• Task goal:
From the entries below, work out how many lines contain the string "noteq"; answer with the number alone.

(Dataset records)
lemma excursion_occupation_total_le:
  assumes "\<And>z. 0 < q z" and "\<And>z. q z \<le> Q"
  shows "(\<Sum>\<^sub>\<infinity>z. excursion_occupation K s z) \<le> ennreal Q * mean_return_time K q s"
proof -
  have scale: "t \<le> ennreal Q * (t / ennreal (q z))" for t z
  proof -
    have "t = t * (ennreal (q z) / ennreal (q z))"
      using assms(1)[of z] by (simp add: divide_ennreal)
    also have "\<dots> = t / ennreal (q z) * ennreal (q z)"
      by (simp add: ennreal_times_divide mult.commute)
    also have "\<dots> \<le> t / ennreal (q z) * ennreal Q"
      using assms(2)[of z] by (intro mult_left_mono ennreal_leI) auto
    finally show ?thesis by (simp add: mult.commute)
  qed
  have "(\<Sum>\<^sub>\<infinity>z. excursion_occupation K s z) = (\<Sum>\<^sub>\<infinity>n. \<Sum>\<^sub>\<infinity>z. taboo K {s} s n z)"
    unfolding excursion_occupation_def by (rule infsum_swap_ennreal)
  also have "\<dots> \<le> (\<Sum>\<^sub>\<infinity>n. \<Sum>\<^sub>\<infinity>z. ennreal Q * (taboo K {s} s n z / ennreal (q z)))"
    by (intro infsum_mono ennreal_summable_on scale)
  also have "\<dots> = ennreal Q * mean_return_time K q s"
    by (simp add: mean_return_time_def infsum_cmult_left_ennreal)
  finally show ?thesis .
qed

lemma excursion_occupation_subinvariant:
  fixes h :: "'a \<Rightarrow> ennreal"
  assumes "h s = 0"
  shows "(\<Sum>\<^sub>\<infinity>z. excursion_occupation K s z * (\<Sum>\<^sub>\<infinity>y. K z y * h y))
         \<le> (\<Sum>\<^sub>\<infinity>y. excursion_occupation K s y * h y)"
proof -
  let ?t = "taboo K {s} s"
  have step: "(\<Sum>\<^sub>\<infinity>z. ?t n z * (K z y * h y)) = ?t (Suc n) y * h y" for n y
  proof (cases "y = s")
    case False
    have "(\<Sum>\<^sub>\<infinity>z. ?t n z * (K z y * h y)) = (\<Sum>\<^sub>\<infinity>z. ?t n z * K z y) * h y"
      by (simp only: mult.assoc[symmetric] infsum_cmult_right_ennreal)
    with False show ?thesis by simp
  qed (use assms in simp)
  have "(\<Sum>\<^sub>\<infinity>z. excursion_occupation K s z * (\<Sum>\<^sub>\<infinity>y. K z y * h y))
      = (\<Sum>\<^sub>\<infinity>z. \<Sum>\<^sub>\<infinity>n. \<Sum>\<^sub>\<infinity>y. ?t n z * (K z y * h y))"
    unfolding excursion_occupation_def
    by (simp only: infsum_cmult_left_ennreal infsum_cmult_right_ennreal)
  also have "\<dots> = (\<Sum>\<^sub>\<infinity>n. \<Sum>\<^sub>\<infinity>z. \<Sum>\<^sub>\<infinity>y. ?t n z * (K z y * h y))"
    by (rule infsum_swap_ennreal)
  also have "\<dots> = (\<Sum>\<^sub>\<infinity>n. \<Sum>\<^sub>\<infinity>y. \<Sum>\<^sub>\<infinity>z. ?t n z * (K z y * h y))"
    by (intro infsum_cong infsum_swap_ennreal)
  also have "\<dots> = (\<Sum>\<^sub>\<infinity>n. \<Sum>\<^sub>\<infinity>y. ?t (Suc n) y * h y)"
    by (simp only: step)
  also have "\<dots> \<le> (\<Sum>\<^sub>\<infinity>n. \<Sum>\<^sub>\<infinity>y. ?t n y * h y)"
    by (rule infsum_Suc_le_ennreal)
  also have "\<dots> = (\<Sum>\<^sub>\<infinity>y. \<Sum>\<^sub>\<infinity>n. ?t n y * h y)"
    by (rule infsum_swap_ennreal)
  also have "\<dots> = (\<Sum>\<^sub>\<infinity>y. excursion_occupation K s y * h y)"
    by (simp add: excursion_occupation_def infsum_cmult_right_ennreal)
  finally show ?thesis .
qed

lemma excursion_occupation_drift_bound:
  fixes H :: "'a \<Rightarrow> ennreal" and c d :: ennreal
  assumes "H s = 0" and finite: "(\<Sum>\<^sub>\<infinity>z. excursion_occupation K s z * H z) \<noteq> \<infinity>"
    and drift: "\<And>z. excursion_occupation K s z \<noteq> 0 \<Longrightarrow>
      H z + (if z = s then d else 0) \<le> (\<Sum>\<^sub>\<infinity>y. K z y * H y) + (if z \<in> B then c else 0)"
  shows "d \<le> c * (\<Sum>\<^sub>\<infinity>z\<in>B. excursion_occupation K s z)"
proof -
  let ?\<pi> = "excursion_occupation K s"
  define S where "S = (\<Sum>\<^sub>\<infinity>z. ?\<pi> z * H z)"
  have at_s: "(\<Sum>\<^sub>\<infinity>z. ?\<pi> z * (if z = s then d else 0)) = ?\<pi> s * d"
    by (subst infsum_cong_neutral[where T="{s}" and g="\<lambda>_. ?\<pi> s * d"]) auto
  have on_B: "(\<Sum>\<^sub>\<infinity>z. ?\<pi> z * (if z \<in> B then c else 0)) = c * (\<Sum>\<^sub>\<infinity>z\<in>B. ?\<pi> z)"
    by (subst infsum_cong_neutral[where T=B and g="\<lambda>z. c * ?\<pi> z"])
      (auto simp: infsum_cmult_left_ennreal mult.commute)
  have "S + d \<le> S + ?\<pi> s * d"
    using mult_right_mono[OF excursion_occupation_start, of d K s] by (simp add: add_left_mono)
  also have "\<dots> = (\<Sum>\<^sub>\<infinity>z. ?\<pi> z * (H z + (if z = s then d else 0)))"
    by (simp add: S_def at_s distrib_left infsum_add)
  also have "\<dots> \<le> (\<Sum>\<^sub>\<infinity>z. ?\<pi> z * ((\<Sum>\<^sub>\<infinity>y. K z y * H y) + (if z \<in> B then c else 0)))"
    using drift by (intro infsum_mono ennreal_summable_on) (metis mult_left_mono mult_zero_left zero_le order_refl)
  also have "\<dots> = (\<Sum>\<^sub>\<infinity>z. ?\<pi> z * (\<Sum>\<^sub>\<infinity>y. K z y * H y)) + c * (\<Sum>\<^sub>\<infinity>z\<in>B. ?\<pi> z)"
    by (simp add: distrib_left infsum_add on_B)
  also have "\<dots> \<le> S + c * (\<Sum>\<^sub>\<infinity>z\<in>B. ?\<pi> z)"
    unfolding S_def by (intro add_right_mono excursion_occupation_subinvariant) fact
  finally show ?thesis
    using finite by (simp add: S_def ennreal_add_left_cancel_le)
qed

• Response area:
2